No there shouldnt be any fitting issues.


----------



## MKVJET08 (Feb 12, 2008)

*Re: 2.5 and 2.0T jetta exhaust same? (a7xogg)*

awesome, thanks


----------



## jerseymike02 (Sep 1, 2008)

*Re: 2.5 and 2.0T jetta exhaust same? (MKVJET08)*

The 2.0t exhaust is cheaper.. How come the 2.5l exhaust is more money? I was looking at awe or other brands and its about a 100-150 dollar difference.


----------



## a7xogg (Nov 25, 2008)

*Re: 2.5 and 2.0T jetta exhaust same? (jerseymike02)*

because more companies make more products for the 2.0t because more ppl buy mods for the 2.0t


----------



## MKVJET08 (Feb 12, 2008)

*Re: 2.5 and 2.0T jetta exhaust same? (jerseymike02)*


_Quote, originally posted by *jerseymike02* »_The 2.0t exhaust is cheaper.. How come the 2.5l exhaust is more money? I was looking at awe or other brands and its about a 100-150 dollar difference.

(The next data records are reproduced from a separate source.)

lemma exp_subst_lmul:
  assumes "p \<in> LP" "q \<in> LP"
  shows "exp_subst (lmul p q) = exp_subst p * exp_subst q"
proof -
  define S where "S = (\<lambda>(a, b). a + b) ` (lsupp p \<times> lsupp q)"
  have S: "finite S" "lsupp (lmul p q) \<subseteq> S"
    using assms lsupp_lmul_subset by (auto simp: S_def LP_iff_finite_lsupp)
  have S_translate: "lsupp (\<lambda>n. q (n - j)) \<subseteq> S" if "j \<in> lsupp p" for j
    using that by (force simp: S_def)
  have "exp_subst (lmul p q)
      = (\<Sum>n\<in>S. \<Sum>j\<in>lsupp p. fps_const (p j) * (fps_const (q (n - j)) * fps_exp (of_int n)))"
    by (subst exp_subst_eq_sum_over[OF S])
       (simp add: lmul_def fps_const_sum sum_distrib_right mult.assoc flip: fps_const_mult)
  also have "\<dots> = (\<Sum>j\<in>lsupp p. fps_const (p j) * exp_subst (\<lambda>n. q (n - j)))"
    by (subst sum.swap) (simp add: exp_subst_eq_sum_over[OF S(1) S_translate] sum_distrib_left)
  also have "\<dots> = exp_subst p * exp_subst q"
    by (simp add: exp_subst_translate[OF assms(2)] exp_subst_def sum_distrib_right mult_ac)
  finally show ?thesis .
qed

lemma exp_subst_lpow_tm1: "exp_subst (lpow tm1 L) = (fps_exp 1 - 1) ^ L"
  by (induction L) (simp_all add: lpow_0 lpow_Suc exp_subst_lone exp_subst_lmul LP_tm1 LP_lpow exp_subst_tm1)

actually, hottexhaust.com sells them for the same price. but typically the 2.5 is more expensive because (at least with the magnaflow) there is one muffler and two resonators, while the one for the 2.0T only has one muffler and no resonators


----------



## darkk (Jun 22, 2006)

*Re: 2.5 and 2.0T jetta exhaust same? (MKVJET08)*


_Quote, originally posted by *MKVJET08* »_i was wondering if there is any difference in the exhaust setup between the 2.5 jetta and 2.0T jetta?
i'm just wondering because i'm looking into the magnaflow catback, which they make for both engines, but the 2.5 is only available with a single tip while the 2.0T offers dual tips

I did this swap. A year and a half ago when nobody made exhaust for the 2.5 Jetta. I bought a nice AWE 2.0T Jetta cat back system slightly used for $200. there is a difference in exhaust pipe diameter in the two cars. the 2.5L is 2.25" dia and the 2.0T is 2.50" dia. I just cut the 2.0T pipe where it connected and butt welded the two pipes together. about 15 minutes work.


----------